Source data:
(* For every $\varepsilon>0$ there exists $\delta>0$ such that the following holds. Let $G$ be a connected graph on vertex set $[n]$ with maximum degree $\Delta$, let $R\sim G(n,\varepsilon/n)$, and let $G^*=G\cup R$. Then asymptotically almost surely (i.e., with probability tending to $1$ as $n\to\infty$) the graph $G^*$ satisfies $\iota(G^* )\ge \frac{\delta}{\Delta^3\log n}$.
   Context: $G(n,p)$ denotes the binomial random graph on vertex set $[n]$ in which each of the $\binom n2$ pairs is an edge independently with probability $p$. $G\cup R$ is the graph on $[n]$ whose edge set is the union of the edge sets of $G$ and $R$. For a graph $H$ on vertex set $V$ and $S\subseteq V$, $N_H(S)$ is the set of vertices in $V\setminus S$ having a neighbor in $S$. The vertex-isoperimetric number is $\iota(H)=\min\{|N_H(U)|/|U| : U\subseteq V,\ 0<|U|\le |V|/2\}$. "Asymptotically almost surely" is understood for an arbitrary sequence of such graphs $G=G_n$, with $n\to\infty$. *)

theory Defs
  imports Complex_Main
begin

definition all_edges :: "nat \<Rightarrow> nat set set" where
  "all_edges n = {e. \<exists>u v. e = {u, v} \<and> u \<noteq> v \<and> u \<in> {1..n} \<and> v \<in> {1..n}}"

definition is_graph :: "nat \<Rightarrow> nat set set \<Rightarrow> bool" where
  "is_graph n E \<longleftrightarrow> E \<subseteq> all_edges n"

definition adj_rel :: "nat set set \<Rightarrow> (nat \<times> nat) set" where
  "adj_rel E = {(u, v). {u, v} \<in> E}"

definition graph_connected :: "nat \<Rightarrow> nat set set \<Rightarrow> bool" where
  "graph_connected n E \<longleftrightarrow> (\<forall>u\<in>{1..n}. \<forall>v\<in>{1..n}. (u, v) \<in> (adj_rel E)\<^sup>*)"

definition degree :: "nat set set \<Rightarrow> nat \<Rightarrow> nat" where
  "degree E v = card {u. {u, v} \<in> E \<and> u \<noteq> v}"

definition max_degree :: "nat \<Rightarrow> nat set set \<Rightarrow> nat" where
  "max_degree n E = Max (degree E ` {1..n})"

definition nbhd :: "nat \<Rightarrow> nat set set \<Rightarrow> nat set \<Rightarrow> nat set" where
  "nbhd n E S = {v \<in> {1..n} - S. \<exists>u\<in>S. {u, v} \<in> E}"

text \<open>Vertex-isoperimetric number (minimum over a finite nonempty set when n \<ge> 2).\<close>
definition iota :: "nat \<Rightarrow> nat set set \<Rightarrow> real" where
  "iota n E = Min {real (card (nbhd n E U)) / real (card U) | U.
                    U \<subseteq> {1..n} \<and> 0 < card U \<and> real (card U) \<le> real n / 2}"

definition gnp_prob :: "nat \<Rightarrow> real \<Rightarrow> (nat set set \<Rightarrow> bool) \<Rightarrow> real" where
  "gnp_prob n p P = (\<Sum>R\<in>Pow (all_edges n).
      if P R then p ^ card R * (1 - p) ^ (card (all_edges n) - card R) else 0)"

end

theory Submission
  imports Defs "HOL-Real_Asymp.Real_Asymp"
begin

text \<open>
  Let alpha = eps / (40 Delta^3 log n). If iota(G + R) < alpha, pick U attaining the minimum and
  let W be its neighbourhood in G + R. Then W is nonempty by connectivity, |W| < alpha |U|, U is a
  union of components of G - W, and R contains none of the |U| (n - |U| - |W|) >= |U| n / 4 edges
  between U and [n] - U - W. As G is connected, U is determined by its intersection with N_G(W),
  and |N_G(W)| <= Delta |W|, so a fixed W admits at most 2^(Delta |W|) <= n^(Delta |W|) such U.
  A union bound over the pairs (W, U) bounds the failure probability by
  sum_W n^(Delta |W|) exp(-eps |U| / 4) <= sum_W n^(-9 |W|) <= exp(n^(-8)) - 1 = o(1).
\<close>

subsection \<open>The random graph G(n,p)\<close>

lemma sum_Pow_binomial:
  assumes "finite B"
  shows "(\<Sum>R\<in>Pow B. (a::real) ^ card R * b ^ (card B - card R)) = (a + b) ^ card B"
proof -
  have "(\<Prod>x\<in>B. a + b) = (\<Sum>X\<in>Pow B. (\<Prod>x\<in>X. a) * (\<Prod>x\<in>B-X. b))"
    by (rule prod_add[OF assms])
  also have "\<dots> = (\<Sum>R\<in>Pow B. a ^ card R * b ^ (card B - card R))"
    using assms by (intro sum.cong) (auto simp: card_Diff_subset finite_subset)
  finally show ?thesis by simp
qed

---

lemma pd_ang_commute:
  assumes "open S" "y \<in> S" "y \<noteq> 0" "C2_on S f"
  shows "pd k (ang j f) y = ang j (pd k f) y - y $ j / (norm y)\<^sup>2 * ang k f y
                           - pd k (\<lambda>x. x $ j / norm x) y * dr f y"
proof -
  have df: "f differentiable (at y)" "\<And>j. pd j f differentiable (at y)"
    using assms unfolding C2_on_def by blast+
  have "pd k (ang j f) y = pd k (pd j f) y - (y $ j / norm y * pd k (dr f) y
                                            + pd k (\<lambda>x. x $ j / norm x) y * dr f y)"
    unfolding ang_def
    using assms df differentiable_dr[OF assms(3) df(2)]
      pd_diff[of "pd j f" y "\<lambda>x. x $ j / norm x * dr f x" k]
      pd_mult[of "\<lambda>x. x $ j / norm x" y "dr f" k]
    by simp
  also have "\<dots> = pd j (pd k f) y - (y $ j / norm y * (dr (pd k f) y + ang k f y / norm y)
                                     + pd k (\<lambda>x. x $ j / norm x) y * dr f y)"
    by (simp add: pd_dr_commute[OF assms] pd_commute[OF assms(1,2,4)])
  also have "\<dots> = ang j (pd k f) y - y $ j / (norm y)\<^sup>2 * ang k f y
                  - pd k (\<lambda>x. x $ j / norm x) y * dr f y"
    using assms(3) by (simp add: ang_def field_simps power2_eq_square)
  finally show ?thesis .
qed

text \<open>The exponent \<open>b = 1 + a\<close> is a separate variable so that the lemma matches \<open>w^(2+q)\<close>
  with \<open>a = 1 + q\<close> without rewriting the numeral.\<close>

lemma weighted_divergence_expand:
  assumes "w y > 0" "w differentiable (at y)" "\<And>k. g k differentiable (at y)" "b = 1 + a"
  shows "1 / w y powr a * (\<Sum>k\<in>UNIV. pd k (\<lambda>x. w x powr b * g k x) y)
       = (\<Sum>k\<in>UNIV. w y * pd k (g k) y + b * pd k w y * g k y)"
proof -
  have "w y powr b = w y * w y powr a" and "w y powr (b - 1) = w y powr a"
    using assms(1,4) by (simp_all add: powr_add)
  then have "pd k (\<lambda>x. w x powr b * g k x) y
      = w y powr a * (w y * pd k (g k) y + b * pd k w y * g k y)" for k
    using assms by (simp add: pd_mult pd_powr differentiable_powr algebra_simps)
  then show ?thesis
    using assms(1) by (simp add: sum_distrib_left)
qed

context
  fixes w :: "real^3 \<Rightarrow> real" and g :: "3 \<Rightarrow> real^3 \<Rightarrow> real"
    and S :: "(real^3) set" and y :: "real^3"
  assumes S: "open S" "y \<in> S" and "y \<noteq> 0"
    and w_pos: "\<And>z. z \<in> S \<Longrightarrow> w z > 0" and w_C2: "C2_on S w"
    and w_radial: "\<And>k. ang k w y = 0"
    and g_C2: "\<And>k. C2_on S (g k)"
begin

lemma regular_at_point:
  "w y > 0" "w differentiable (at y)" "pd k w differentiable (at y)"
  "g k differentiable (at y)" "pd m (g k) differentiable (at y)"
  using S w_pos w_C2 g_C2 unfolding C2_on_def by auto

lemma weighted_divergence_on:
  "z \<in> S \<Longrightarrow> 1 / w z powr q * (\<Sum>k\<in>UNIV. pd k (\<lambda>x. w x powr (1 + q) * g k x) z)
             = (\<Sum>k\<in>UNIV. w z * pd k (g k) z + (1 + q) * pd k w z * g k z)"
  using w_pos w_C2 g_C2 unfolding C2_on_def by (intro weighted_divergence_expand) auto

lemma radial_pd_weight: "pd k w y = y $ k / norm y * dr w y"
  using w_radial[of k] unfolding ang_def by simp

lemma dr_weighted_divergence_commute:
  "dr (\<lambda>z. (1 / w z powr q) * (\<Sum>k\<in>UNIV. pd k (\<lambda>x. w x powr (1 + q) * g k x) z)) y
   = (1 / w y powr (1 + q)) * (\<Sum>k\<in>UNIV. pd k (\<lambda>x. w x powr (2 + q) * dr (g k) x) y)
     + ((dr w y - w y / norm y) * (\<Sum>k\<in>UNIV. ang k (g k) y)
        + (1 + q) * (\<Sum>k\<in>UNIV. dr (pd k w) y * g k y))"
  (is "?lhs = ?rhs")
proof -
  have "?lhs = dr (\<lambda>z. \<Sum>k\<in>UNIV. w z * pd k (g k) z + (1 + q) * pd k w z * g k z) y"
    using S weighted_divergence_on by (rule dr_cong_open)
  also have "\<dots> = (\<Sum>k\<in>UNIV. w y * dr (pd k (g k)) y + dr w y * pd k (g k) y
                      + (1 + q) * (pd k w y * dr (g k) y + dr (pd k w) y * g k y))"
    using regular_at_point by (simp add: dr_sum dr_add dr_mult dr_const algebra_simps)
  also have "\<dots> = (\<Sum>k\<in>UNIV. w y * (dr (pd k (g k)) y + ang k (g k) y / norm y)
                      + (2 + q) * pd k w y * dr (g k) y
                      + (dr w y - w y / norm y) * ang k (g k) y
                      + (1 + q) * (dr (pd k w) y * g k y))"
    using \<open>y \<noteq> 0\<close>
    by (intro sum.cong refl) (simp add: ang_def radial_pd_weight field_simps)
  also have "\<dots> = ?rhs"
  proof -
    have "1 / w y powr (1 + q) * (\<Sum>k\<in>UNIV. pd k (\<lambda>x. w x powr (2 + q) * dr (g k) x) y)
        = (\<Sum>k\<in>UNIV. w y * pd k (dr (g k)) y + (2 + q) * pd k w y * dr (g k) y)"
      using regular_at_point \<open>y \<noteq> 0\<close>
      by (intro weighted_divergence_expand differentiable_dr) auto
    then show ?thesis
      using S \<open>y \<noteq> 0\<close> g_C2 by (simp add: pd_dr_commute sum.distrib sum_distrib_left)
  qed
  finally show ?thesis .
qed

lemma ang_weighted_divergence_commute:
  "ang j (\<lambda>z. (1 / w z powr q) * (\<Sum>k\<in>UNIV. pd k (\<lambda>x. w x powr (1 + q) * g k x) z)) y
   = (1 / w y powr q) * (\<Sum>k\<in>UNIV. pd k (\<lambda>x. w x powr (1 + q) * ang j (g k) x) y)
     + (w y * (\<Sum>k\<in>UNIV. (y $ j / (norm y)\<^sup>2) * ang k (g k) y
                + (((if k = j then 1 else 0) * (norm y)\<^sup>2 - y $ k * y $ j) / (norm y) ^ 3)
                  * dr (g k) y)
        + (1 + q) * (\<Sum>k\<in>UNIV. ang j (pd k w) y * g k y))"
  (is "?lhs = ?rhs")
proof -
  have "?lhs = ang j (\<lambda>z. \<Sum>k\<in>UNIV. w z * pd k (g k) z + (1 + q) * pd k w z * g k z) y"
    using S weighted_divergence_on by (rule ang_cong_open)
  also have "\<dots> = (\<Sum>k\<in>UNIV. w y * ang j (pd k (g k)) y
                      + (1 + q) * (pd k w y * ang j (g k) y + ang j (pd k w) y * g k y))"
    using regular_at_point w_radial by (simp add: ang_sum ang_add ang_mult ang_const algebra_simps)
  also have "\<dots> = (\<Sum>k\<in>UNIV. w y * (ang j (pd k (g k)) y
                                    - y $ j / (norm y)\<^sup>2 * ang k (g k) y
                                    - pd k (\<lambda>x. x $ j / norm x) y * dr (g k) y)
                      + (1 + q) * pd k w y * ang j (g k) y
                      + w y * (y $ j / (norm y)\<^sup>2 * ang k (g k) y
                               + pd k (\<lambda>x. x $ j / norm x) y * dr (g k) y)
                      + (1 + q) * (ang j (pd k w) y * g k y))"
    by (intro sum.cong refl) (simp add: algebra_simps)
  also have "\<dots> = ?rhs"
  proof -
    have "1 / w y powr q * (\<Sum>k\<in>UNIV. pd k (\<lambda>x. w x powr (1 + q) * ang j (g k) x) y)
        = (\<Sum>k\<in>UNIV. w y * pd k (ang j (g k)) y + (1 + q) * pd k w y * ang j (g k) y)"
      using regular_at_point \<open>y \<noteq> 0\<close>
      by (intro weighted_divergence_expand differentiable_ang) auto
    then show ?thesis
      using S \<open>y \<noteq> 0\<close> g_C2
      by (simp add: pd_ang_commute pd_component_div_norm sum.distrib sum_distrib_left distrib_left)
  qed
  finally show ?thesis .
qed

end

* * *

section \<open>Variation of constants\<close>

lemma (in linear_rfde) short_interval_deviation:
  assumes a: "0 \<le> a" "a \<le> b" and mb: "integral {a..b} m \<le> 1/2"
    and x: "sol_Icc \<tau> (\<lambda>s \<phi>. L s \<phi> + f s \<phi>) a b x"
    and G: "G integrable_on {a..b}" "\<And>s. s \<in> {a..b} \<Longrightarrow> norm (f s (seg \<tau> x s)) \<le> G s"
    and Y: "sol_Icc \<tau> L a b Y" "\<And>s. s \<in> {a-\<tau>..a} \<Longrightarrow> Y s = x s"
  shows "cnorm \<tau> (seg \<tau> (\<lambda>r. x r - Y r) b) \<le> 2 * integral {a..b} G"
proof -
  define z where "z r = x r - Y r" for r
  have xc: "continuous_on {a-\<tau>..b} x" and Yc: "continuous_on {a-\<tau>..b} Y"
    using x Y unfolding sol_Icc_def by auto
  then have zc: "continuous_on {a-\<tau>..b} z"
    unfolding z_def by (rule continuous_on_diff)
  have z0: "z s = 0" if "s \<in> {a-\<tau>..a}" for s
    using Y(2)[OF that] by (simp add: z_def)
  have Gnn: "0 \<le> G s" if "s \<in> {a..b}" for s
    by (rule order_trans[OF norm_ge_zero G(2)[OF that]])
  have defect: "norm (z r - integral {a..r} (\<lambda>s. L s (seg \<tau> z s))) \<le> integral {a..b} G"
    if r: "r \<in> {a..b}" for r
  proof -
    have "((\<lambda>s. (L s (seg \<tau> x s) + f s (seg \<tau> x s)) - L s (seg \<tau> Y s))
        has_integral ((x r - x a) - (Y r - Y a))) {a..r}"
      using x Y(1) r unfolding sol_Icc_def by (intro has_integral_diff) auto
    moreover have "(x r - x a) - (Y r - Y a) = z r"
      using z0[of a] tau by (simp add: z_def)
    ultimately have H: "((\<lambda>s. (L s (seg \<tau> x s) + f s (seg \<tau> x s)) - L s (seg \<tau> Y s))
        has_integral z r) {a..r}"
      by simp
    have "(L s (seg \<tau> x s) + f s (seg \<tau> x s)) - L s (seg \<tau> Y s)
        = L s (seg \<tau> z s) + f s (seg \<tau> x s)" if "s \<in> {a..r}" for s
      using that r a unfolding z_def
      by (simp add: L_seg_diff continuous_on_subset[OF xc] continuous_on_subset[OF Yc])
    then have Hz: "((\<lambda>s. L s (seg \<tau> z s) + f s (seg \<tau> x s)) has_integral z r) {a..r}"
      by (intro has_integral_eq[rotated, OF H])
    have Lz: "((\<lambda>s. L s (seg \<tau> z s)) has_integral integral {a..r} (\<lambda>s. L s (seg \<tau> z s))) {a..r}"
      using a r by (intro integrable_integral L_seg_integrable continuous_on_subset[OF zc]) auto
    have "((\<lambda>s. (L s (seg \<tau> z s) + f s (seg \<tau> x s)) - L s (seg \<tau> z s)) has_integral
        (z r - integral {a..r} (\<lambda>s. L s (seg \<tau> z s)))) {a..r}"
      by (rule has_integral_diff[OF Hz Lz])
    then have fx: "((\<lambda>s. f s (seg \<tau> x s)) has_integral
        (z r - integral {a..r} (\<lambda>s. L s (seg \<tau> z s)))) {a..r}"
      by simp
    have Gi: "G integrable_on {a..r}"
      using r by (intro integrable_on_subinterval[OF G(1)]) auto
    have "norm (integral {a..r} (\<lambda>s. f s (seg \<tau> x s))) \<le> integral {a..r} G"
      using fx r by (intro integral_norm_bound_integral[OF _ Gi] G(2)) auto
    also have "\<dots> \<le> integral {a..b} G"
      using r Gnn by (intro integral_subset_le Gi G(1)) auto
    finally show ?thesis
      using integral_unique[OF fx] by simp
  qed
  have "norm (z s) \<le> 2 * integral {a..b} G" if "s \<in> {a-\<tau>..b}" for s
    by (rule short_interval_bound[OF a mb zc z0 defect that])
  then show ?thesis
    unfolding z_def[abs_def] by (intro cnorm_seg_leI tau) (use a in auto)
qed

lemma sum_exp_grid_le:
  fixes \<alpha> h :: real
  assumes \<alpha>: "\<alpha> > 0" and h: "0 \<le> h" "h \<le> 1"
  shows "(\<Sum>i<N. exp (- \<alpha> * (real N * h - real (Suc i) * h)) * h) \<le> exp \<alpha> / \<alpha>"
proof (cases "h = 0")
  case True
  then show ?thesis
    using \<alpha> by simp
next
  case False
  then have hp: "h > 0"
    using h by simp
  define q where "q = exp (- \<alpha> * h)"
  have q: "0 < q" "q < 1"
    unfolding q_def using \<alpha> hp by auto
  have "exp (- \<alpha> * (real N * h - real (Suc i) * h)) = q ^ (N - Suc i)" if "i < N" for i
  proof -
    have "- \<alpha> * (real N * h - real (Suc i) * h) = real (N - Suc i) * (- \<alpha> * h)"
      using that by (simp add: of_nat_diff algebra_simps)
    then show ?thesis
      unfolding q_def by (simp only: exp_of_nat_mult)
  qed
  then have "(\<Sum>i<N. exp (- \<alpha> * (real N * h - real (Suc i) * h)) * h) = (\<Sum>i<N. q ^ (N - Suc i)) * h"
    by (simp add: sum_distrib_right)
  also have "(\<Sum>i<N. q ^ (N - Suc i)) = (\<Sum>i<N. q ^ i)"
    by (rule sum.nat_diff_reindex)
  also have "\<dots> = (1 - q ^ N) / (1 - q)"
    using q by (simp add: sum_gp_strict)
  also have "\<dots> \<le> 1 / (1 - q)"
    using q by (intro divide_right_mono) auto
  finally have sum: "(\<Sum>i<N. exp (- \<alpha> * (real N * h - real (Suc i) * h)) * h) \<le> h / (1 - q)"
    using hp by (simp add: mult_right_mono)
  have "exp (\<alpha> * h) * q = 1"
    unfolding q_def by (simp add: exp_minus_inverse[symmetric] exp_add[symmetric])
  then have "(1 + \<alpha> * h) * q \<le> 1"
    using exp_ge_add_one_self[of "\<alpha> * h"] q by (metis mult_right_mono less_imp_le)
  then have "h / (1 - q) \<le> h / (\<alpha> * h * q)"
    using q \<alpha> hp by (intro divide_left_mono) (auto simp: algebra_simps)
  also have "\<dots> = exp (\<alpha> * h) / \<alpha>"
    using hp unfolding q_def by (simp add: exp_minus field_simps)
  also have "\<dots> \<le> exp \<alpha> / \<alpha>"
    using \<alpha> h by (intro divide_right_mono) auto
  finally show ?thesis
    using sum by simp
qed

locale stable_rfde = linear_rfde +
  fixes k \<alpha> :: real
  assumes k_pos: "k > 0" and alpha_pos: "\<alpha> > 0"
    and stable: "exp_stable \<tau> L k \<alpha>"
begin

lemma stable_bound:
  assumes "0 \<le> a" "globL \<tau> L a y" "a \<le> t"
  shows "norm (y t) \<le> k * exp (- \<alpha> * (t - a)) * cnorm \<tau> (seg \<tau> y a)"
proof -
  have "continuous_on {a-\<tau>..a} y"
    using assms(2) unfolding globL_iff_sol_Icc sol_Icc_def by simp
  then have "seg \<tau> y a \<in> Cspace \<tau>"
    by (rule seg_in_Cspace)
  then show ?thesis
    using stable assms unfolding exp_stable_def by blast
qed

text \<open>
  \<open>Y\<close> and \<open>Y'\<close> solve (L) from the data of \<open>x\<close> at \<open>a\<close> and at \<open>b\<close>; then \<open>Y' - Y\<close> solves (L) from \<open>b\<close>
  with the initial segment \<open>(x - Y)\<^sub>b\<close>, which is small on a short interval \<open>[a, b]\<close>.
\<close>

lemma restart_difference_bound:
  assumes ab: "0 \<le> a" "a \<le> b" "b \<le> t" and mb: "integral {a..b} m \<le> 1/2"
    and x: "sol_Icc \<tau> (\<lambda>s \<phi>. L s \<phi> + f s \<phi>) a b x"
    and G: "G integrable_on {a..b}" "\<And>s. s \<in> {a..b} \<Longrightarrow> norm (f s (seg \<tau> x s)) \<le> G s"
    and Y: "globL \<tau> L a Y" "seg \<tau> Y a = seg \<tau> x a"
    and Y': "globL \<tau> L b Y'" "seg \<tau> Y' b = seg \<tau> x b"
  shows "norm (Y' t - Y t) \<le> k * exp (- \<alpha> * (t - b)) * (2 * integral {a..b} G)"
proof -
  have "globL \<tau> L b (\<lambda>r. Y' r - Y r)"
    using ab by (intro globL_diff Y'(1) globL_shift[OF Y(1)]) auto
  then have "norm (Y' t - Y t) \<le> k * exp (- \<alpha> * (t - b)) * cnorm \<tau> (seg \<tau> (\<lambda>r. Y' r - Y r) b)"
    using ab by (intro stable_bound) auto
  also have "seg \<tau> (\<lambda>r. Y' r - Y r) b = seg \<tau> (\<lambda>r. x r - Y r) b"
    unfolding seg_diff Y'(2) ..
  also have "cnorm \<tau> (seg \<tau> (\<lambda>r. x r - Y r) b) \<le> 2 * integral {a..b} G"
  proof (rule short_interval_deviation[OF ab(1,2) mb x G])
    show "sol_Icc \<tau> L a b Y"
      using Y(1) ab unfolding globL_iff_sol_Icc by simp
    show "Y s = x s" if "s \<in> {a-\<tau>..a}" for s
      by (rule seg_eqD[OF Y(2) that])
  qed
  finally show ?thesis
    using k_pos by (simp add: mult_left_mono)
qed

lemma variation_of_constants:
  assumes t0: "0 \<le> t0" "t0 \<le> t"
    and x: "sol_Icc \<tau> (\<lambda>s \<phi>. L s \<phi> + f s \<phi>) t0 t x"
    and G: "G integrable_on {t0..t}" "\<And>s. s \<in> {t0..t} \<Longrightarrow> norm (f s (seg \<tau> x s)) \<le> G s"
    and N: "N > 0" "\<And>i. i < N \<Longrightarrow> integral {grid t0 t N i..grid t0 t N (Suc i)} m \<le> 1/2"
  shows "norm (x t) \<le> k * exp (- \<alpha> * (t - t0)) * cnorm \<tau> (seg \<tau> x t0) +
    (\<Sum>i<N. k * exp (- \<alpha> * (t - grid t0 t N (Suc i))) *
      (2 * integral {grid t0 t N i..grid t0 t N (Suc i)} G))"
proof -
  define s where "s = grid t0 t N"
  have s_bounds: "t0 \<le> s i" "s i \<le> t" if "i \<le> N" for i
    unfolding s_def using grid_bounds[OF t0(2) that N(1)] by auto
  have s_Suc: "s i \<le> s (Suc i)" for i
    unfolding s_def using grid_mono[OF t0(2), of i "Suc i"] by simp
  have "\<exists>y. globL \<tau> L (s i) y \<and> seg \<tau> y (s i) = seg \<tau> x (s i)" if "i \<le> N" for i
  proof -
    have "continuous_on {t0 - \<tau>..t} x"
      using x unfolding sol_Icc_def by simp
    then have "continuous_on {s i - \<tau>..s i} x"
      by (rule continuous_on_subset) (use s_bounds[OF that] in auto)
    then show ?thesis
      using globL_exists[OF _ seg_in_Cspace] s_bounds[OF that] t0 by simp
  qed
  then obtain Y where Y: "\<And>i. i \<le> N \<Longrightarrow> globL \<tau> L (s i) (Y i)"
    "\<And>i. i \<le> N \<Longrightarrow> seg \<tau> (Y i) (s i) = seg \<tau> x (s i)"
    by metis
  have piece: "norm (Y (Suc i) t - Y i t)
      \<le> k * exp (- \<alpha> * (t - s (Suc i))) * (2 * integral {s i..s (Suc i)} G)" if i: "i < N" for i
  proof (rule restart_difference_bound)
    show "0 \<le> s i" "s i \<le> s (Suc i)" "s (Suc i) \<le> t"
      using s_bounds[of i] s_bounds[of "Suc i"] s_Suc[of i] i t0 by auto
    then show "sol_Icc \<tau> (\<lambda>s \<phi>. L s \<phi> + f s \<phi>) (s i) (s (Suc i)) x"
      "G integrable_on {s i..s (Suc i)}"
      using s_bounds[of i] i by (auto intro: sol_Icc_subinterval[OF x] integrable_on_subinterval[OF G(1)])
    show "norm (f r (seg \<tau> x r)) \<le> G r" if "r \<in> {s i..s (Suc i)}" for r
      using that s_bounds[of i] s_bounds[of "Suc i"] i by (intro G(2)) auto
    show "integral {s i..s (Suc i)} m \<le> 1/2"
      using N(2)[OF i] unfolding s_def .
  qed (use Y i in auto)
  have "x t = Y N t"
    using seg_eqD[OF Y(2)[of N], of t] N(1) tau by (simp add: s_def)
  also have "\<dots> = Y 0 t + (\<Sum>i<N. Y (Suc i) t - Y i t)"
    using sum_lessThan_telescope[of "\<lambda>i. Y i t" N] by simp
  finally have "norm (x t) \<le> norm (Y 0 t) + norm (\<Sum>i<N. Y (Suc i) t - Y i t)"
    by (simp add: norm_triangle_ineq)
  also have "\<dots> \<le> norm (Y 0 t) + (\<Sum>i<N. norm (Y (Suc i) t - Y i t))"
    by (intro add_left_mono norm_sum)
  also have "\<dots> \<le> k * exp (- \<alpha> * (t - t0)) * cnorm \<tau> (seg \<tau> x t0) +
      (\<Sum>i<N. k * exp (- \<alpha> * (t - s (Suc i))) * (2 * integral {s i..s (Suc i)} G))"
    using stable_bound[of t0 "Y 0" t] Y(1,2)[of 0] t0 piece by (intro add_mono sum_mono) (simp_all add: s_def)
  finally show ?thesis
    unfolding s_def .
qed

| INSTRUCTIONS FOR THE TASK |
Of all the entries above, retype exactly the lines from the line with "t + (\<Sum>i<N." to the line with "by (intro add_left_mono norm_sum)", both included, and no others.

| RESPONSE TO THE TASK |
  also have "\<dots> = Y 0 t + (\<Sum>i<N. Y (Suc i) t - Y i t)"
    using sum_lessThan_telescope[of "\<lambda>i. Y i t" N] by simp
  finally have "norm (x t) \<le> norm (Y 0 t) + norm (\<Sum>i<N. Y (Suc i) t - Y i t)"
    by (simp add: norm_triangle_ineq)
  also have "\<dots> \<le> norm (Y 0 t) + (\<Sum>i<N. norm (Y (Suc i) t - Y i t))"
    by (intro add_left_mono norm_sum)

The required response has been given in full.